02:15 With my brush, it allows us to download this.
02:23 Uh ...
02:26 You see?
02:31 No, it's good.
02:33 Here.
02:35 We can see that the blue curve shows that the radiation is not inclined.
02:39 Well, we have to lower a little so that we have a good ...
02:42 Here.
02:43 There we have a good position.
02:45 I accept.
02:47 And here, in this case, we will dimension it according to the average value.
02:54 We will dimension it according to the average value.
02:57 Here.
02:58 Well, that's the minimum of all months.
03:00 We can dimension it according to the seasonal value.
03:03 For example, we can dimension it according to ...
03:05 We can not dimension it according to the month of September.
03:12 We do not take it as a general case for all installations, but for this case, we will dimension it according to the average value.
03:17 Here.
03:19 Here.
03:21 The diagram.
03:23 For this, we will not go into detail.
03:25 Here, we can study the solar mountains, we can study the solar masks.
03:29 It allows us to study the solar masks to integrate a little calculation.
03:33 Well, for this case, the doctor gave us a diagram, in fact, of the solar exhibition with mountains on the map.
03:44 We do not need to study.
03:46 Well, we will use what the doctor has proposed.
03:49 But this function is available for countries that are not yet ...
03:54 Or for those who want to do a fairly precise job, of course.
03:58 Here.
04:00 We will enter the system properly.
04:03 In any case, we will take, in fact, we will dimension it according to the case of an emerging pump.

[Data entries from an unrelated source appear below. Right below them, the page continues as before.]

(* Let $\eta_\varepsilon$ be as in the context. Fix $B>0$, $a\in(-1,1)$, $b\in(-1,1)$ and arbitrary real numbers $\dot a,\dot b,\dot B$ (treated as independent real parameters). Put $z=\varepsilon^{-1}B(x-a)$ and define $$ L_\varepsilon=\frac{\varepsilon\dot b}{\sqrt{1-b^2}}\int_{\mathbb R}\eta_\varepsilon^2(x)\tanh(z)\,dx+b\sqrt{1-b^2}\,B\dot a\int_{\mathbb R}\eta_\varepsilon^2(x)\,\mathrm{sech}^2(z)\,dx-\varepsilon b\sqrt{1-b^2}\,\dot B B^{-1}\int_{\mathbb R}\eta_\varepsilon^2(x)\,z\,\mathrm{sech}^2(z)\,dx $$ $$ \qquad+(1-b^2)B^2\int_{\mathbb R}\eta_\varepsilon^2(x)\,\mathrm{sech}^4(z)\,dx+\frac12(1-b^2)^2\int_{\mathbb R}\eta_\varepsilon^4(x)\,\mathrm{sech}^4(z)\,dx . $$ Then $$ \lim_{\varepsilon\to0}\frac{L_\varepsilon}{2\varepsilon}=-\frac{\dot b}{\sqrt{1-b^2}}\Big(a-\frac13a^3\Big)+b\sqrt{1-b^2}\,(1-a^2)\,\dot a+\frac23(1-a^2)(1-b^2)B+\frac{1}{3B}(1-a^2)^2(1-b^2)^2 . $$
   Context: For all sufficiently small $\varepsilon>0$, $\eta_\varepsilon:\mathbb R\to(0,\infty)$ is a smooth solution of $\varepsilon^2\eta_\varepsilon''+(1-x^2-\eta_\varepsilon^2)\eta_\varepsilon=0$ on $\mathbb R$ that decays to zero as $|x|\to\infty$ faster than any exponential, and it has the following properties: $\eta_\varepsilon(x)\to\eta_0(x)$ pointwise as $\varepsilon\to0$, where $\eta_0(x)=(1-x^2)^{1/2}$ for $|x|<1$ and $\eta_0(x)=0$ for $|x|>1$; for every compact $K\subset(-1,1)$ there is $C_K>0$ with $\|\eta_\varepsilon-\eta_0\|_{C^1(K)}\le C_K\varepsilon^2$; and there is $C>0$ with $\|\eta_\varepsilon-\eta_0\|_{L^\infty}\le C\varepsilon^{1/3}$, $\|\eta_\varepsilon'\|_{L^\infty}\le C\varepsilon^{-1/3}$, $\|\eta_\varepsilon''\|_{L^\infty}\le C\varepsilon^{-1}$. ($L_\varepsilon$ is the Lagrangian $L(v)=\frac{i}{2}\varepsilon\int\eta_\varepsilon^2(v\bar v_t-\bar v v_t)dx+\varepsilon^2\int\eta_\varepsilon^2|v_x|^2dx+\frac12\int\eta_\varepsilon^4(1-|v|^2)^2dx$ evaluated on the dark-soliton ansatz $v=\sqrt{1-b^2}\tanh(\varepsilon^{-1}B(x-a))+ib$.) *)

theory Defs
  imports "HOL-Analysis.Analysis"
begin

definition eta0 :: "real \<Rightarrow> real" where
  "eta0 x = (if \<bar>x\<bar> < 1 then sqrt (1 - x^2) else 0)"

definition sech :: "real \<Rightarrow> real" where
  "sech z = 1 / cosh z"

definition smooth_real :: "(real \<Rightarrow> real) \<Rightarrow> bool" where
  "smooth_real f \<longleftrightarrow> (\<forall>n x. ((deriv ^^ n) f) differentiable (at x))"

definition eta_profile :: "real \<Rightarrow> (real \<Rightarrow> real) \<Rightarrow> bool" where
  "eta_profile \<epsilon> f \<longleftrightarrow>
     smooth_real f \<and> (\<forall>x. f x > 0) \<and>
     (\<forall>x. \<epsilon>^2 * deriv (deriv f) x + (1 - x^2 - (f x)^2) * f x = 0) \<and>
     (\<forall>c::real. ((\<lambda>x. f x * exp (c * \<bar>x\<bar>)) \<longlongrightarrow> 0) at_infinity)"

text \<open>The reduced Lagrangian L_eps (with independent parameters ad, bd, Bd for the time derivatives).\<close>
definition Lagr :: "(real \<Rightarrow> real \<Rightarrow> real) \<Rightarrow> real \<Rightarrow> real \<Rightarrow> real \<Rightarrow> real \<Rightarrow> real \<Rightarrow> real \<Rightarrow> real \<Rightarrow> real" where
  "Lagr \<eta> \<epsilon> a b B ad bd Bd =
     (let z = (\<lambda>x. B * (x - a) / \<epsilon>) in
       \<epsilon> * bd / sqrt (1 - b^2) * (LBINT x. (\<eta> \<epsilon> x)^2 * tanh (z x))
     + b * sqrt (1 - b^2) * B * ad * (LBINT x. (\<eta> \<epsilon> x)^2 * (sech (z x))^2)
     - \<epsilon> * b * sqrt (1 - b^2) * Bd / B * (LBINT x. (\<eta> \<epsilon> x)^2 * z x * (sech (z x))^2)
     + (1 - b^2) * B^2 * (LBINT x. (\<eta> \<epsilon> x)^2 * (sech (z x))^4)
     + 1/2 * (1 - b^2)^2 * (LBINT x. (\<eta> \<epsilon> x)^4 * (sech (z x))^4))"

end

theory Submission imports Defs "HOL-Probability.Sinc_Integral" begin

04:12 Whose height is 90 meters.
04:17 Well, 100 meters.
04:19 Well, I'm going to enter the consumption of water per day.
04:24 We said 50 cubic meters.
04:26 50 cubic meters.
04:28 Storage.
04:30 Well, storage, we will take storage of ...
04:36 Well, 35 cubic meters.
04:44 It's a lot of money.
04:46 Here we have the height of aspiration.
04:48 The height of aspiration is for surface pumps.
04:51 And the height of inflation is for emerging pumps.
04:54 We will take the case of the height of inflation.
04:58 We said we would take the case of 90 meters.
05:01 Depth.
05:03 You see here, the researcher starts calculating the flow rate and the manometric height.
05:09 Well, we will continue.
05:11 Here we will enter the level of water in the pump.
05:15 Inside the borehole.
05:17 Well, generally in the pumps, the height can be immersed between 8 and 13 meters.
05:27 We will take 8 meters.
05:30 8 meters of water level.
05:32 Well, the researcher has generated the flow rate.